Charitable support is essential for researchers like Johnson, who are in the early stages of their careers. A generous estate gift from Jim Beaudry, PhD, lets Johnson carve out time to focus on myeloma projects and pay for a graduate student to assist with analysis. His data helps peers at IU and can pave the way for large grants from the NIH.

Maci Cox and Ke Yang

Most days, Maci Cox’s job as a social worker supporting myeloma patients is about stacking small gestures: handing out a business card, arranging transportation, lining up lodging, or helping someone navigate an insurer’s website.

“It’s solution-based,” Cox said. “When a patient has a problem, my brain just starts going.”

It’s also a helping hand made possible by Miles for Myeloma funding directed to enhancing patient care through the IU Health Foundation.

Along with Ke Yang, a nurse practitioner, Cox ensures patients receive care that treats the whole person and enhances their quality of life. They work out of an office tucked away on the second floor of the IU Melvin and Bren Simon Comprehensive Cancer Center just steps away from infusion rooms.

They meet with myeloma patients who have completed induction therapy and are preparing for a bone marrow transplant. Yang addresses any medical questions they might have about the procedure, its side effects, and outcomes. Meanwhile, Cox helps guide patients in the weeks and months afterward.

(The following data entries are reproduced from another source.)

(* Let $\theta_t f(x)=\int k_t(x,y)f(y)\,\mathrm{d}y$, $t>0$, be integral operators whose kernels satisfy, for constants $C>0$, $\alpha\in(0,1]$ and all $x,y,x',y'\in\mathbb{R}^d$, $t>0$: $|k_t(x,y)|\le C\,t^\alpha(t+|x-y|)^{-\alpha-d}$ and $|k_t(x,y)-k_t(x',y')|\le C(|x-x'|^\alpha+|y-y'|^\alpha)(t+|x-y|)^{-\alpha-d}$ whenever $|x-x'|+|y-y'|<t$. Let $\mathcal{D}$ be a dyadic grid, $r\in\mathbb{N}$, and let $P,R\in\mathcal{D}$ with $R$ $r$-good. Suppose that either (1) $\ell P\ge\ell R$ and $P,R$ are disjoint, or (2) $\ell P<\ell R$. Then for every locally integrable $f$ and every $(x,t)\in W_R:=R\times[\ell R/2,\ell R)$, \[ |\theta_t(\Delta_Pf)(x)|\lesssim\frac{(\sqrt{\ell R\,\ell P})^\alpha}{D(R,P)^{\alpha+d}}\|\Delta_Pf\|_{L^1}, \] where the implicit constant depends only on $C,\alpha,d,r$.
   Context: $\mathbb{R}^d$ carries the $\ell^\infty$ metric $|x|=\max_i|x_i|$; $\operatorname{d}(P,R)$ is the distance between sets and $D(P,R)=\ell P+\operatorname{d}(P,R)+\ell R$. A dyadic grid is either the standard grid $\mathcal{D}^0=\bigcup_j\{2^{-j}([0,1)^d+m):m\in\mathbb{Z}^d\}$ or a translate $\mathcal{D}^\omega=\{R+\sum_{i>j}\omega_i2^{-i}: R\in\mathcal{D}^0,\ \ell R=2^{-j}\}$ for $\omega=(\omega_i)_{i\in\mathbb{Z}}\in(\{0,1\}^d)^{\mathbb{Z}}$. For $P\in\mathcal{D}$, $\Delta_Pf=\sum_{J}(\langle f\rangle_J-\langle f\rangle_P)\mathbf{1}_J$, the sum over the $2^d$ dyadic children $J$ of $P$, with $\langle f\rangle_Q=|Q|^{-1}\int_Qf$. Fix $\gamma=\alpha/(4\alpha+4d)$. A cube $R\in\mathcal{D}$ is $r$-good if $\operatorname{d}(R,\partial P)>(\ell R)^\gamma(\ell P)^{1-\gamma}$ for every $P\in\mathcal{D}$ with $\ell P\ge 2^r\ell R$. *)

theory Defs
  imports "HOL-Analysis.Analysis"
begin

definition linf :: "real ^ 'n \<Rightarrow> real" where
  "linf x = Max (range (\<lambda>i. \<bar>x $ i\<bar>))"

definition setdist_inf :: "(real ^ 'n) set \<Rightarrow> (real ^ 'n) set \<Rightarrow> real" where
  "setdist_inf A B = Inf {linf (x - y) | x y. x \<in> A \<and> y \<in> B}"

text \<open>Translation vector sum_{i>j} omega_i 2^{-i} for the grid D^omega
  (omega :: int => 'n => bool encodes an element of ({0,1}^d)^Z;
   omega = (\<lambda>_ _. False) gives the standard grid D^0).\<close>
definition grid_shift :: "(int \<Rightarrow> 'n \<Rightarrow> bool) \<Rightarrow> int \<Rightarrow> real ^ 'n" where
  "grid_shift \<omega> j = (\<Sum>k. (2 powr (- (real_of_int j + 1 + real k))) *\<^sub>R
                         (\<chi> i. if \<omega> (j + 1 + int k) i then 1 else 0))"

definition dcube :: "(int \<Rightarrow> 'n \<Rightarrow> bool) \<Rightarrow> int \<Rightarrow> int ^ 'n \<Rightarrow> (real ^ 'n) set" where
  "dcube \<omega> j m = {x. \<forall>i. 2 powr (- real_of_int j) * real_of_int (m $ i) + grid_shift \<omega> j $ i \<le> x $ i
                       \<and> x $ i < 2 powr (- real_of_int j) * (real_of_int (m $ i) + 1) + grid_shift \<omega> j $ i}"

definition dchildren :: "(int \<Rightarrow> 'n \<Rightarrow> bool) \<Rightarrow> int \<Rightarrow> int ^ 'n \<Rightarrow> (real ^ 'n) set set" where
  "dchildren \<omega> j m = {dcube \<omega> (j + 1) m' | m'. dcube \<omega> (j + 1) m' \<subseteq> dcube \<omega> j m}"

definition avg :: "(real ^ 'n) set \<Rightarrow> (real ^ 'n \<Rightarrow> real) \<Rightarrow> real" where
  "avg Q f = integral Q f / measure lebesgue Q"

definition mdiff :: "(int \<Rightarrow> 'n \<Rightarrow> bool) \<Rightarrow> int \<Rightarrow> int ^ 'n \<Rightarrow> (real ^ 'n \<Rightarrow> real) \<Rightarrow> real ^ 'n \<Rightarrow> real" where
  "mdiff \<omega> j m f y = (\<Sum>J\<in>dchildren \<omega> j m. (avg J f - avg (dcube \<omega> j m) f) * indicator J y)"

definition good :: "real \<Rightarrow> nat \<Rightarrow> (int \<Rightarrow> 'n \<Rightarrow> bool) \<Rightarrow> int \<Rightarrow> int ^ 'n \<Rightarrow> bool" where
  "good \<alpha> r \<omega> jR mR \<longleftrightarrow>
     (\<forall>j m. 2 powr (- real_of_int j) \<ge> 2 ^ r * 2 powr (- real_of_int jR) \<longrightarrow>
        setdist_inf (dcube \<omega> jR mR) (frontier (dcube \<omega> j m))
          > (2 powr (- real_of_int jR)) powr (\<alpha> / (4 * \<alpha> + 4 * CARD('n)))
            * (2 powr (- real_of_int j)) powr (1 - \<alpha> / (4 * \<alpha> + 4 * CARD('n))))"

end

(* Let lR, lP be the side lengths of R and P, delta = d(R,P) and N = alpha + d. For x in R,
   y in P and t >= lR/2 one has t + |x - y| >= lR/2 + delta.
   If lP < lR, then lP <= lR/2 and Delta_P f has mean zero, so k_t(x,y) may be replaced by
   k_t(x,y) - k_t(x,c) for a corner c of P; the Hoelder condition bounds this by
   C lP^alpha (lR/2 + delta)^(-N), and D(R,P) <= 4 (lR/2 + delta).
   If lP >= lR and P is disjoint from R, the size condition gives C lR^alpha (lR/2 + delta)^(-N).
   This suffices when lP < 2^r lR or delta >= lP, since then D(R,P) <= 4 2^r (lR/2 + delta).
   Otherwise r-goodness of R gives delta >= d(R, boundary of P) > lR^gamma lP^(1-gamma), and
   gamma N = alpha/4 turns lR^alpha delta^(-N) into (lR lP)^(alpha/2) lP^(-N), while
   D(R,P) <= 3 lP. Integrating the pointwise bound against |Delta_P f| gives the estimate. *)

theory Submission
  imports Defs
begin

lemma component_le_linf: "\<bar>v $ i\<bar> \<le> linf v"
  unfolding linf_def by (rule Max_ge) auto

lemma linf_le: "(\<And>i. \<bar>v $ i\<bar> \<le> B) \<Longrightarrow> linf v \<le> B"
  unfolding linf_def by (rule Max.boundedI) auto

lemma linf_less: "(\<And>i. \<bar>v $ i\<bar> < B) \<Longrightarrow> linf v < B"
  unfolding linf_def by (subst Max_less_iff) auto

lemma linf_nonneg: "0 \<le> linf v"
  using component_le_linf abs_ge_zero order_trans by blast

lemma linf_zero [simp]: "linf 0 = 0"
  by (intro antisym linf_le linf_nonneg) simp

lemma summable_grid_shift:
  "summable (\<lambda>k. (2 powr (- (real_of_int j + 1 + real k))) *\<^sub>R
     ((\<chi> i. if \<omega> (j + 1 + int k) i then 1 else 0) :: real ^ 'n))"
proof (rule summable_comparison_test')
  show "summable (\<lambda>k. real CARD('n) * 2 powr (- (real_of_int j + 1)) * (1 / 2) ^ k)"
    by (intro summable_mult summable_geometric) simp
next
  fix k :: nat
  let ?v = "(\<chi> i. if \<omega> (j + 1 + int k) i then 1 else 0) :: real ^ 'n"
  have "norm ?v \<le> (\<Sum>i\<in>UNIV. \<bar>?v $ i\<bar>)"
    by (rule norm_le_l1_cart)
  also have "\<dots> \<le> real CARD('n)"
    using sum_bounded_above[of UNIV "\<lambda>i. \<bar>?v $ i\<bar>" 1] by simp
  finally have "norm ?v \<le> real CARD('n)" .
  moreover have "(2::real) powr (- (real_of_int j + 1 + real k))
      = 2 powr (- (real_of_int j + 1)) * (1 / 2) ^ k"
    by (simp add: powr_diff powr_realpow power_one_over)
  ultimately show "norm ((2 powr (- (real_of_int j + 1 + real k))) *\<^sub>R ?v)
      \<le> real CARD('n) * 2 powr (- (real_of_int j + 1)) * (1 / 2) ^ k"
    by (simp add: mult_left_mono mult.commute mult.left_commute)
qed

lemma grid_shift_succ:
  fixes \<omega> :: "int \<Rightarrow> 'n::finite \<Rightarrow> bool"
  shows "grid_shift \<omega> j = (2 powr (- real_of_int j) / 2) *\<^sub>R (\<chi> i. if \<omega> (j + 1) i then 1 else 0)
     + grid_shift \<omega> (j + 1)"
proof -
  define F where "F k = (2 powr (- (real_of_int j + 1 + real k))) *\<^sub>R
     ((\<chi> i. if \<omega> (j + 1 + int k) i then 1 else 0) :: real ^ 'n)" for k
  have "grid_shift \<omega> (j + 1) = (\<Sum>k. F (Suc k))"
    unfolding grid_shift_def F_def by (simp add: add_ac)
  also have "\<dots> = grid_shift \<omega> j - F 0"
    unfolding grid_shift_def F_def by (rule suminf_split_head[OF summable_grid_shift])
  finally show ?thesis
    by (simp add: F_def powr_diff)
qed

text \<open>Cube membership is a floor condition on the coordinates, which turns the parent-child
  relation of the grid into integer division by 2.\<close>

definition dindex :: "(int \<Rightarrow> 'n \<Rightarrow> bool) \<Rightarrow> int \<Rightarrow> real ^ 'n \<Rightarrow> int ^ 'n" where
  "dindex \<omega> j x = (\<chi> i. \<lfloor>(x $ i - grid_shift \<omega> j $ i) / 2 powr (- real_of_int j)\<rfloor>)"

definition dparent :: "(int \<Rightarrow> 'n \<Rightarrow> bool) \<Rightarrow> int \<Rightarrow> int ^ 'n \<Rightarrow> int ^ 'n" where
  "dparent \<omega> j m = (\<chi> i. (m $ i - (if \<omega> (j + 1) i then 1 else 0)) div 2)"

definition dcorner :: "(int \<Rightarrow> 'n \<Rightarrow> bool) \<Rightarrow> int \<Rightarrow> int ^ 'n \<Rightarrow> real ^ 'n" where
  "dcorner \<omega> j m = (\<chi> i. 2 powr (- real_of_int j) * real_of_int (m $ i) + grid_shift \<omega> j $ i)"

lemma mem_dcube_iff_dindex: "x \<in> dcube \<omega> j m \<longleftrightarrow> dindex \<omega> j x = m"
  unfolding dcube_def dindex_def vec_eq_iff
  by (simp add: floor_eq_iff pos_le_divide_eq pos_divide_less_eq algebra_simps)

lemma dcube_disjoint: "m \<noteq> m' \<Longrightarrow> dcube \<omega> j m \<inter> dcube \<omega> j m' = {}"
  by (auto simp: mem_dcube_iff_dindex)

lemma dindex_eq_dparent: "dindex \<omega> j x = dparent \<omega> j (dindex \<omega> (j + 1) x)"
proof -
  have "\<lfloor>(x $ i - grid_shift \<omega> j $ i) / 2 powr (- real_of_int j)\<rfloor>
      = (\<lfloor>(x $ i - grid_shift \<omega> (j + 1) $ i) / 2 powr (- real_of_int (j + 1))\<rfloor> - e) div 2"
    if e: "e = (if \<omega> (j + 1) i then 1 else 0)" for i e
  proof -
    let ?u = "(x $ i - grid_shift \<omega> (j + 1) $ i) / 2 powr (- real_of_int (j + 1))"
    have "(x $ i - grid_shift \<omega> j $ i) / 2 powr (- real_of_int j)
        = (?u - real_of_int e) / real_of_int 2"
      using e by (subst grid_shift_succ) (simp add: powr_diff powr_minus field_simps)
    also have "\<lfloor>\<dots>\<rfloor> = \<lfloor>?u - real_of_int e\<rfloor> div 2"
      by (rule floor_divide_real_eq_div) simp
    finally show ?thesis by simp
  qed
  then show ?thesis
    unfolding dindex_def dparent_def by (simp add: vec_eq_iff)
qed

lemma dcorner_mem_dcube: "dcorner \<omega> j m \<in> dcube \<omega> j m"
  unfolding dcube_def dcorner_def by (simp add: algebra_simps)

lemma linf_diff_dcorner_less:
  "y \<in> dcube \<omega> j m \<Longrightarrow> linf (y - dcorner \<omega> j m) < 2 powr (- real_of_int j)"
  unfolding dcube_def dcorner_def by (intro linf_less) (auto simp: algebra_simps)

lemma dcube_subset_cbox:
  "dcube \<omega> j m \<subseteq> cbox (dcorner \<omega> j m) (dcorner \<omega> j m + (\<chi> i. 2 powr (- real_of_int j)))"
  unfolding dcube_def dcorner_def interval_cart by (fastforce simp: algebra_simps intro: less_imp_le)

lemma lmeasurable_dcube: "dcube \<omega> j m \<in> lmeasurable"
proof (rule bounded_set_imp_lmeasurable)
  show "bounded (dcube \<omega> j m)"
    using bounded_cbox dcube_subset_cbox by (rule bounded_subset)
  have "dcube \<omega> j m \<in> sets borel"
    unfolding dcube_def by measurable
  then show "dcube \<omega> j m \<in> sets lebesgue"
    by simp
qed

lemma dcube_succ_subset_iff: "dcube \<omega> (j + 1) m' \<subseteq> dcube \<omega> j m \<longleftrightarrow> dparent \<omega> j m' = m"
proof
  assume "dcube \<omega> (j + 1) m' \<subseteq> dcube \<omega> j m"
  then have "dcorner \<omega> (j + 1) m' \<in> dcube \<omega> j m"
    using dcorner_mem_dcube by blast
  then show "dparent \<omega> j m' = m"
    using dcorner_mem_dcube[of \<omega> "j + 1" m']
    by (simp add: mem_dcube_iff_dindex dindex_eq_dparent[of \<omega> j])
qed (auto simp: mem_dcube_iff_dindex dindex_eq_dparent[of \<omega> j])

lemma dchildren_eq_image: "dchildren \<omega> j m = dcube \<omega> (j + 1) ` {m'. dparent \<omega> j m' = m}"
  unfolding dchildren_def dcube_succ_subset_iff by auto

That includes administering a psychological assessment. During that meeting, Cox also learns where a patient is working, the status of their family, and what support system they might have. It helps her ascertain what’s needed to ensure the patient stays on track with follow-up care.

Often, a patient’s needs are practical. If they need lodging in Indianapolis, Cox can connect them with community foundations that offer it. For transportation she might be able to obtain a gas card from a social service agency.

“It sounds really simple,” said Cox, who sees up to 15 people each week, “but it’s just hearing patients and making sure they feel supported.”

Cox’s aspiration to work with cancer patients started as an intern with a support group while she earned a master’s degree at the University of Southern Indiana. So far, the reality has been everything she wanted.

“Everyone is just so grateful to be here–the staff in the clinic, the doctors, and the nurses,” she said. “The gratitude patients show confirms my decision to do this.”